Data extracts below:

(* Let $\rho>0$ and suppose that, for each value of $c^S>0$, the variable-window IPT thresholds satisfy $c_n^D=0$ for all $n\leq(1+\rho)\frac{c^S}{\underline{q}}$ (the values $c_n^D\geq0$ for larger $n$ being arbitrary). Then $$\limsup_{c^S\to\infty}\frac{\mathrm{WADD}(t_I)}{c^S}\leq\frac{2}{\underline{q}}.$$
   Context: Setup. Let $\mathcal{A}=\{a_1,\dots,a_m\}$ be a finite alphabet and $\mathcal{P}$ the set of probability mass functions (p.m.f.s) on $\mathcal{A}$. $I(f\|f')=\sum_{a}f(a)\log\frac{f(a)}{f'(a)}$ is the Kullback–Leibler divergence. A known pre-change p.m.f. $f_0\in\mathcal{P}$ is fixed. $q:\mathcal{P}\to\mathbb{R}$ is quasiconcave and $L$-Lipschitz with respect to $\ell_1$, with $q_0:=q(f_0)<0<\underline{q}$, and the set of possible post-change p.m.f.s $\mathcal{P}_1$ is a nonempty subset of $\{f: q(f)\geq\underline{q}\}$. Under $P_{f_1,t_1}$ (expectation $E_{f_1,t_1}$), $X_1,\dots,X_{t_1-1}$ are i.i.d. $f_0$ and $X_{t_1},X_{t_1+1},\dots$ are i.i.d. $f_1$, independent of the former. For $i\leq j$, $\hat f_{X_i^j}$ is the empirical p.m.f. of $X_i,\dots,X_j$. $(x)^+=\max\{x,0\}$. For a stopping time $t$, the worst average detection delay is $\mathrm{WADD}(t)=\sup_{f_1\in\mathcal{P}_1,\,t_1\geq1}\operatorname{ess\,sup}_{X_1^{t_1-1}}E_{f_1,t_1}\left((t-t_1+1)^+\mid X_1^{t_1-1}\right)$. Variable-window IPT. Parameters: $c^S>0$ and a sequence $(c_n^D)_{n\geq1}$ of nonnegative thresholds. For $n\geq1$ let $f_n^*=\arg\min_{f\in\mathcal{P}:\,q(f)\geq c^S/n}I(f\|f_0)$. Put $Q(i,j)=(j-i+1)q(\hat f_{X_i^j})$ for $i\leq j$ and $Q(j+1,j)=0$. Set $\tau_1=1$ and for $k\geq1$: $S_k=\max_{\tau_k\leq i\leq k+1}Q(i,k)$, with $i_k$ a maximizing index and $n_k=k-i_k+1$; $D_k=I(\hat f_{X_{i_k}^k}\|f_{n_k}^* )$; $\tau_{k+1}=k+1$ if $S_k\geq c^S$ and $D_k<c^D_{n_k}$ (restart), and $\tau_{k+1}=\tau_k$ otherwise. The IPT stopping time is $t_I=\inf\{k: S_k\geq c^S\text{ and }D_k\geq c^D_{n_k}\}$. *)

theory Defs
  imports "HOL-Probability.Probability"
begin

definition KL :: "'a::finite pmf \<Rightarrow> 'a pmf \<Rightarrow> ereal" where
  "KL f g = (\<Sum>a\<in>UNIV. if pmf f a = 0 then 0
                       else if pmf g a = 0 then \<infinity>
                       else ereal (pmf f a * ln (pmf f a / pmf g a)))"

definition quasiconcave_pmf :: "('a pmf \<Rightarrow> real) \<Rightarrow> bool" where
  "quasiconcave_pmf q \<longleftrightarrow>
     (\<forall>f g h (\<theta>::real). 0 \<le> \<theta> \<and> \<theta> \<le> 1 \<and>
        (\<forall>a. pmf h a = \<theta> * pmf f a + (1 - \<theta>) * pmf g a)
        \<longrightarrow> min (q f) (q g) \<le> q h)"

definition lipschitz_l1_pmf :: "real \<Rightarrow> ('a::finite pmf \<Rightarrow> real) \<Rightarrow> bool" where
  "lipschitz_l1_pmf L q \<longleftrightarrow>
     (\<forall>f g. \<bar>q f - q g\<bar> \<le> L * (\<Sum>a\<in>UNIV. \<bar>pmf f a - pmf g a\<bar>))"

End of Data extracts.

#### Prompt
Take the entries above and return all of them exactly.

#### Answer for the task
(* Let $\rho>0$ and suppose that, for each value of $c^S>0$, the variable-window IPT thresholds satisfy $c_n^D=0$ for all $n\leq(1+\rho)\frac{c^S}{\underline{q}}$ (the values $c_n^D\geq0$ for larger $n$ being arbitrary). Then $$\limsup_{c^S\to\infty}\frac{\mathrm{WADD}(t_I)}{c^S}\leq\frac{2}{\underline{q}}.$$
   Context: Setup. Let $\mathcal{A}=\{a_1,\dots,a_m\}$ be a finite alphabet and $\mathcal{P}$ the set of probability mass functions (p.m.f.s) on $\mathcal{A}$. $I(f\|f')=\sum_{a}f(a)\log\frac{f(a)}{f'(a)}$ is the Kullback–Leibler divergence. A known pre-change p.m.f. $f_0\in\mathcal{P}$ is fixed. $q:\mathcal{P}\to\mathbb{R}$ is quasiconcave and $L$-Lipschitz with respect to $\ell_1$, with $q_0:=q(f_0)<0<\underline{q}$, and the set of possible post-change p.m.f.s $\mathcal{P}_1$ is a nonempty subset of $\{f: q(f)\geq\underline{q}\}$. Under $P_{f_1,t_1}$ (expectation $E_{f_1,t_1}$), $X_1,\dots,X_{t_1-1}$ are i.i.d. $f_0$ and $X_{t_1},X_{t_1+1},\dots$ are i.i.d. $f_1$, independent of the former. For $i\leq j$, $\hat f_{X_i^j}$ is the empirical p.m.f. of $X_i,\dots,X_j$. $(x)^+=\max\{x,0\}$. For a stopping time $t$, the worst average detection delay is $\mathrm{WADD}(t)=\sup_{f_1\in\mathcal{P}_1,\,t_1\geq1}\operatorname{ess\,sup}_{X_1^{t_1-1}}E_{f_1,t_1}\left((t-t_1+1)^+\mid X_1^{t_1-1}\right)$. Variable-window IPT. Parameters: $c^S>0$ and a sequence $(c_n^D)_{n\geq1}$ of nonnegative thresholds. For $n\geq1$ let $f_n^*=\arg\min_{f\in\mathcal{P}:\,q(f)\geq c^S/n}I(f\|f_0)$. Put $Q(i,j)=(j-i+1)q(\hat f_{X_i^j})$ for $i\leq j$ and $Q(j+1,j)=0$. Set $\tau_1=1$ and for $k\geq1$: $S_k=\max_{\tau_k\leq i\leq k+1}Q(i,k)$, with $i_k$ a maximizing index and $n_k=k-i_k+1$; $D_k=I(\hat f_{X_{i_k}^k}\|f_{n_k}^* )$; $\tau_{k+1}=k+1$ if $S_k\geq c^S$ and $D_k<c^D_{n_k}$ (restart), and $\tau_{k+1}=\tau_k$ otherwise. The IPT stopping time is $t_I=\inf\{k: S_k\geq c^S\text{ and }D_k\geq c^D_{n_k}\}$. *)

theory Defs
  imports "HOL-Probability.Probability"
begin

definition KL :: "'a::finite pmf \<Rightarrow> 'a pmf \<Rightarrow> ereal" where
  "KL f g = (\<Sum>a\<in>UNIV. if pmf f a = 0 then 0
                       else if pmf g a = 0 then \<infinity>
                       else ereal (pmf f a * ln (pmf f a / pmf g a)))"

definition quasiconcave_pmf :: "('a pmf \<Rightarrow> real) \<Rightarrow> bool" where
  "quasiconcave_pmf q \<longleftrightarrow>
     (\<forall>f g h (\<theta>::real). 0 \<le> \<theta> \<and> \<theta> \<le> 1 \<and>
        (\<forall>a. pmf h a = \<theta> * pmf f a + (1 - \<theta>) * pmf g a)
        \<longrightarrow> min (q f) (q g) \<le> q h)"

definition lipschitz_l1_pmf :: "real \<Rightarrow> ('a::finite pmf \<Rightarrow> real) \<Rightarrow> bool" where
  "lipschitz_l1_pmf L q \<longleftrightarrow>
     (\<forall>f g. \<bar>q f - q g\<bar> \<le> L * (\<Sum>a\<in>UNIV. \<bar>pmf f a - pmf g a\<bar>))"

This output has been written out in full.